[foms] Adaptive streaming

Video Phool videophool at hotmail.com
Wed Oct 27 12:57:28 PDT 2010

On Oct 26, 2010, at 1:25 AM, Jeroen Wijering wrote:


>The nice thing about also supporting separate chunks is that
the barrier for getting started with adaptive HTTP is very low. One only needs
an encoder or a segmenter tool; everything else is basic components. We see
this now with Apple HTTP - it's the format that's getting traction where
Flash/Silverlight are not. Especially on the live side.


I think that Apple HTTP Live Streaming (HLS) is getting traction
because it is the only way to stream video to the IOS family of products, which
are quite popular.  It may be easy to implement a mediocre solution, but it is very difficult to have a great 'living-room' quality of experience.  Any good streaming model should scale from HH to CE (HD).


> the barrier for getting started with adaptive HTTP is very
low. One only needs an encoder or a segmenter tool 


The barrier is low for encoding/formatting, but high for clients.  Encoding/formatting complexity is easily
addressed, and a robust set of formatting tools might take 2 months to
produce.  The simplicity of HLS encoding
formatting adds unnecessary complexity to the clients (i.e. splicing video,
mixing audio, etc.).  I have not seen an HLS implementation that can handle a seamless switch between 2 different audio profiles.  IMHO, it only works on paper.


Also, I argue that the HLS barrier on the encode/format side is
not as low as it might seem.  To get true
seamless switching when using muxed A/V streams requires precise audio
alignment across all bitrates, and this is
not a simple muxing task.  

> Yes, that is something we haven't talked about a lot. At the workshop, the idea was to allow for different audio bitrates / nr. of channels  per quality level, but still have A/V in one stream. This is not ideal for multi-language solutions.

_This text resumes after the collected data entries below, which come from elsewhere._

theorem theorem1:
  fixes M :: "'a measure" and hSR hRD hRE :: "'a \<Rightarrow> complex"
    and gR gD gE Rt :: real
  assumes "prob_space M"
    and "gR > 0" and "gD > 0" and "gE > 0" and "Rt > 0"
    and "prob_space.std_cgauss M hSR" and "prob_space.std_cgauss M hRD"
    and "prob_space.std_cgauss M hRE"
    and "prob_space.indep_vars M (\<lambda>_. borel) (\<lambda>i::nat. [hSR, hRD, hRE] ! i) {0, 1, 2}"
  shows "let RRD = (\<lambda>\<omega>. max (log 2 ((1 + gD * (cmod (hRD \<omega>))\<^sup>2) / (1 + gE * (cmod (hRE \<omega>))\<^sup>2))) 0);
             RSR = (\<lambda>\<omega>. log 2 (1 + gR * (cmod (hSR \<omega>))\<^sup>2));
             R1 = (\<lambda>\<omega>. max (min (RRD \<omega>) (RSR \<omega>)) 0)
         in measure M {\<omega> \<in> space M. R1 \<omega> < Rt}
            = 1 - exp (- (2 powr Rt - 1) / gR - (2 powr Rt - 1) / gD)
                  * (1 / (1 + 2 powr Rt / gD * gE))"
proof -
  interpret prob_space M by fact
  let ?R1 = "\<lambda>\<omega>. max (min (max (log 2 ((1 + gD * (cmod (hRD \<omega>))\<^sup>2) / (1 + gE * (cmod (hRE \<omega>))\<^sup>2))) 0)
      (log 2 (1 + gR * (cmod (hSR \<omega>))\<^sup>2))) 0"
  define V where "V i \<omega> = (cmod (([hSR, hRD, hRE] ! i) \<omega>))\<^sup>2" for i \<omega>
  define a b c where "a = (2 powr Rt - 1) / gR" and "b = (2 powr Rt - 1) / gD" and "c = 2 powr Rt * gE / gD"
  have "2 powr Rt > 1"
    using assms(5) by simp
  then have "a \<ge> 0" "b \<ge> 0" "c \<ge> 0"
    using assms(2-4) by (simp_all add: a_def b_def c_def)
  have exponential: "distributed M lborel (V i) (exponential_density 1)" if "i \<in> {0, 1, 2}" for i
    using that assms(6-8) std_cgauss_norm_square_exponential by (auto simp: V_def[abs_def])
  then have [measurable]: "V i \<in> borel_measurable M" if "i \<in> {0, 1, 2}" for i
    using distributed_measurable[OF exponential[OF that]] by simp
  have indep: "indep_vars (\<lambda>_. borel) V {0, 1, 2}"
    unfolding V_def by (rule indep_vars_compose2[OF assms(9)]) measurable
  have V: "V 0 \<omega> = (cmod (hSR \<omega>))\<^sup>2" "V 1 \<omega> = (cmod (hRD \<omega>))\<^sup>2" "V 2 \<omega> = (cmod (hRE \<omega>))\<^sup>2" for \<omega>
    by (simp_all add: V_def)
  have "?R1 \<omega> < Rt \<longleftrightarrow> \<not> (a \<le> V 0 \<omega> \<and> b + c * V 2 \<omega> \<le> V 1 \<omega>)" for \<omega>
    unfolding a_def b_def c_def V
    by (rule secrecy_rate_less_iff[OF assms(2,3) less_imp_le[OF assms(4)] assms(5)]) simp_all
  then have outage: "{\<omega> \<in> space M. ?R1 \<omega> < Rt}
      = space M - {\<omega> \<in> space M. a \<le> V 0 \<omega> \<and> b + c * V 2 \<omega> \<le> V 1 \<omega>}"
    by blast
  have no_outage: "{\<omega> \<in> space M. a \<le> V 0 \<omega> \<and> b + c * V 2 \<omega> \<le> V 1 \<omega>} \<in> events"
    by measurable
  have "prob {\<omega> \<in> space M. ?R1 \<omega> < Rt} = 1 - exp (- a) * (exp (- b) / (1 + c))"
    using exponential_distributed_prob_tails[OF exponential indep \<open>a \<ge> 0\<close> \<open>b \<ge> 0\<close> \<open>c \<ge> 0\<close>]
    unfolding outage prob_compl[OF no_outage] by (rule arg_cong)
  moreover have "- (2 powr Rt - 1) / gR - (2 powr Rt - 1) / gD = - a + - b" "2 powr Rt / gD * gE = c"
    by (simp_all add: a_def b_def c_def diff_divide_distrib)
  ultimately show ?thesis
    unfolding Let_def by (simp add: mult_exp_exp)
qed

It is not only troublesome for multi-language, but also for audio quality. 
For mobile, we find 32k or 64k audio is usually sufficient.  For CE (living room), 96k is the minimum.  Seamless audio switching is difficult, and user
tolerance for audio glitches is low.  Therefore,
to properly support adaptive streaming with muxed A/V and provide the best
quality audio (for any given use case), every variation of audio requires
another copy of the video.  So if you
have 4 audio bitrates (32, 64, 96, & 192 5.1) and two alternate tracks, you
have 5 extra copies of the video stream. 
If you have a catalog of 40,000 titles, encoded at 8 video bitrates, you
have 1.6M unnecessary video files on your CDN (that average ~1GB per hour). 
This is with single file model, chunked is several orders of magnitude higher. 
No CDN can manage these numbers, and so we simply gave up and only stream
64k audio to both HH and CE.
If A/V streams are un-muxed, the client will setup the audio decode pipeline once, and can freely to switch video at will with no concerns about audio.  You can not get any simpler than this, which speaks to my main point:  Complexity that can easily be handled at the encode/format step should never be pushed out to the client.